Enigmatic Translons – Animalcules of Molecular Biology?
Ribosome profiling has revealed the extensive utilization of multiple start codons in eukaryotic mRNAs, including in humans. Translation initiation at these start codons results in the synthesis of proteoforms with alternative N-termini and also in translated regions (translons) not annotated as protein coding. Some of such enigmatic translons encode microproteins and immunopeptides while many function as critical elements of translation control that sense cellular environment. This regulatory function of translons is often independent of the polypeptide products encoded by them.

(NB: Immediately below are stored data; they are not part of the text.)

lemma to_sigma_even_odd: "to_sigma (from_sigma P + [:0, 1:] * from_sigma Q) = P"
proof -
  have "coeff ([:0, 1:] * from_sigma Q) (2 * n) = 0" for n
    by (cases n) (simp_all add: coeff_from_sigma)
  then show ?thesis by (simp add: poly_eq_iff coeff_to_sigma coeff_from_sigma)
qed

lemma odd_part_even_odd: "odd_part (from_sigma P + [:0, 1:] * from_sigma Q) = Q"
  by (simp add: poly_eq_iff coeff_odd_part coeff_from_sigma)

lemma to_sigma_from_sigma [simp]: "to_sigma (from_sigma P) = P"
  using to_sigma_even_odd[of P 0] by (simp add: from_sigma_def)

lemma to_sigma_odd_part_mult:
  "to_sigma (p * q) = to_sigma p * to_sigma q + [:0, 1:] * odd_part p * odd_part q"
  "odd_part (p * q) = to_sigma p * odd_part q + odd_part p * to_sigma q"
proof -
  define X :: "'a poly" where "X = [:0, 1:]"
  have "p * q = (from_sigma (to_sigma p) + X * from_sigma (odd_part p)) *
      (from_sigma (to_sigma q) + X * from_sigma (odd_part q))"
    using even_odd_decomp[of p] even_odd_decomp[of q] by (simp add: X_def)
  also have "\<dots> = from_sigma (to_sigma p * to_sigma q + X * odd_part p * odd_part q) +
      X * from_sigma (to_sigma p * odd_part q + odd_part p * to_sigma q)"
    by (simp only: from_sigma_add from_sigma_mult from_sigma_X X_def) (simp add: algebra_simps)
  finally have pq: "p * q = \<dots>" .
  show "to_sigma (p * q) = to_sigma p * to_sigma q + [:0, 1:] * odd_part p * odd_part q"
    "odd_part (p * q) = to_sigma p * odd_part q + odd_part p * to_sigma q"
    unfolding pq X_def to_sigma_even_odd odd_part_even_odd by simp_all
qed

lemma odd_part_mult_one_plus_X:
  "odd_part (g * (1 + [:0, 1:] * from_sigma C)) = to_sigma g * C + odd_part g"
proof -
  have "1 + [:0, 1:] * from_sigma C = from_sigma 1 + [:0, 1:] * from_sigma C"
    by (simp add: from_sigma_1)
  then show ?thesis
    unfolding to_sigma_odd_part_mult by (simp only: to_sigma_even_odd odd_part_even_odd) simp
qed

lemma ptrunc_from_sigma: "ptrunc (2 * m) (from_sigma C) = from_sigma (ptrunc m C)"
  by (auto simp: poly_eq_iff coeff_ptrunc coeff_from_sigma)

lemma evenK_iff: "c \<in> evenK m \<longleftrightarrow> (\<exists>C. ptrunc m C = C \<and> c = from_sigma C)"
proof
  assume c: "c \<in> evenK m"
  then have "odd_part c = 0" by (simp add: poly_eq_iff coeff_odd_part evenK_def)
  then have "c = from_sigma (to_sigma c)"
    using even_odd_decomp[of c] by (simp add: from_sigma_def)
  moreover have "ptrunc m (to_sigma c) = to_sigma c"
    using c unfolding evenK_def ptrunc_eq_self_iff coeff_to_sigma by auto
  ultimately show "\<exists>C. ptrunc m C = C \<and> c = from_sigma C" by blast
next
  assume "\<exists>C. ptrunc m C = C \<and> c = from_sigma C"
  then show "c \<in> evenK m"
    by (auto simp: evenK_def ptrunc_from_sigma coeff_from_sigma)
qed

lemma ptrunc_in_evenK_iff: "ptrunc (2 * m) p \<in> evenK m \<longleftrightarrow> zero_below m (odd_part p)"
proof -
  have "(\<forall>i. odd i \<longrightarrow> coeff (ptrunc (2 * m) p) i = 0) \<longleftrightarrow> (\<forall>j<m. coeff p (2 * j + 1) = 0)"
    by (auto simp: coeff_ptrunc elim!: oddE)
  then show ?thesis by (simp add: evenK_def zero_below_def coeff_odd_part)
qed

lemma gammaK_eqI:
  assumes unit: "coeff g 0 dvd 1" and C: "ptrunc m C = C"
    and sol: "zero_below m (to_sigma g * C + odd_part g)"
  shows "gammaK m g = from_sigma C"
  unfolding gammaK_def tmult_def
proof (rule the_equality)
  have "from_sigma C \<in> evenK m" using C unfolding evenK_iff by blast
  moreover have "ptrunc (2 * m) (g * (1 + [:0, 1:] * from_sigma C)) \<in> evenK m"
    unfolding ptrunc_in_evenK_iff odd_part_mult_one_plus_X by (fact sol)
  ultimately show "from_sigma C \<in> evenK m \<and>
      ptrunc (2 * m) (g * (1 + [:0, 1:] * from_sigma C)) \<in> evenK m" ..
next
  fix c assume c: "c \<in> evenK m \<and> ptrunc (2 * m) (g * (1 + [:0, 1:] * c)) \<in> evenK m"
  then obtain C' where C': "ptrunc m C' = C'" "c = from_sigma C'" unfolding evenK_iff by blast
  have sol': "zero_below m (to_sigma g * C' + odd_part g)"
    using c unfolding C'(2) ptrunc_in_evenK_iff odd_part_mult_one_plus_X by blast
  have "to_sigma g * (C' - C) = (to_sigma g * C' + odd_part g) - (to_sigma g * C + odd_part g)"
    by (simp add: algebra_simps)
  then have "zero_below m (to_sigma g * (C' - C))" using sol sol' by (metis zero_below_diff)
  moreover have "coeff (to_sigma g) 0 dvd 1" using unit by (simp add: coeff_to_sigma)
  ultimately have "zero_below m (C' - C)" by (rule zero_below_cancel[rotated])
  then have "ptrunc m C' = ptrunc m C" by (simp add: ptrunc_eq_iff eq_below_iff_zero_below)
  then have "C' = C" using C C' by simp
  then show "c = from_sigma C" using C' by simp
qed

lemma gammaK_solution_exists:
  assumes "coeff g 0 dvd 1"
  obtains C where "ptrunc m C = C" "zero_below m (to_sigma g * C + odd_part g)"
proof -
  have "coeff (to_sigma g) 0 dvd 1" using assms by (simp add: coeff_to_sigma)
  then obtain v where v: "eq_below m (to_sigma g * v) 1" using eq_below_inverse_exists by blast
  define C where "C = ptrunc m (- (odd_part g * v))"
  have "eq_below m (to_sigma g * C) (to_sigma g * (- (odd_part g * v)))"
    unfolding C_def by (intro eq_below_mult eq_below_refl eq_below_ptrunc)
  moreover have "eq_below m (to_sigma g * v * - odd_part g) (1 * - odd_part g)"
    using v by (rule eq_below_mult) simp
  ultimately have "eq_below m (to_sigma g * C + odd_part g) 0"
    by (auto simp: eq_below_def algebra_simps)
  then show ?thesis using that[of C] by (simp add: C_def eq_below_iff_zero_below)
qed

The emerging picture of RNA translation is in striking contrast with the current data structures for annotating protein coding genes in which a sequence of an RNA molecule could have only a single protein-coding sequence (CDS). To address this limitation, we developed a new abstract representation of mRNA translation termed Ribosome Decision Graphs (RDGs). RDGs allow for a biologically realistic representation of eukaryotic translation complexity, focusing on locations critical for translation regulation. RDGs can be used to depict the mutual organization of translons reflecting the interplay between their translation. RDGs can be used in the analysis of ribosome profiling data to identify critical regulatory events. They also can be used for the interpretation of genetic variants, enabling a mechanistic understanding of pathogenic variants occurring outside of CDS regions.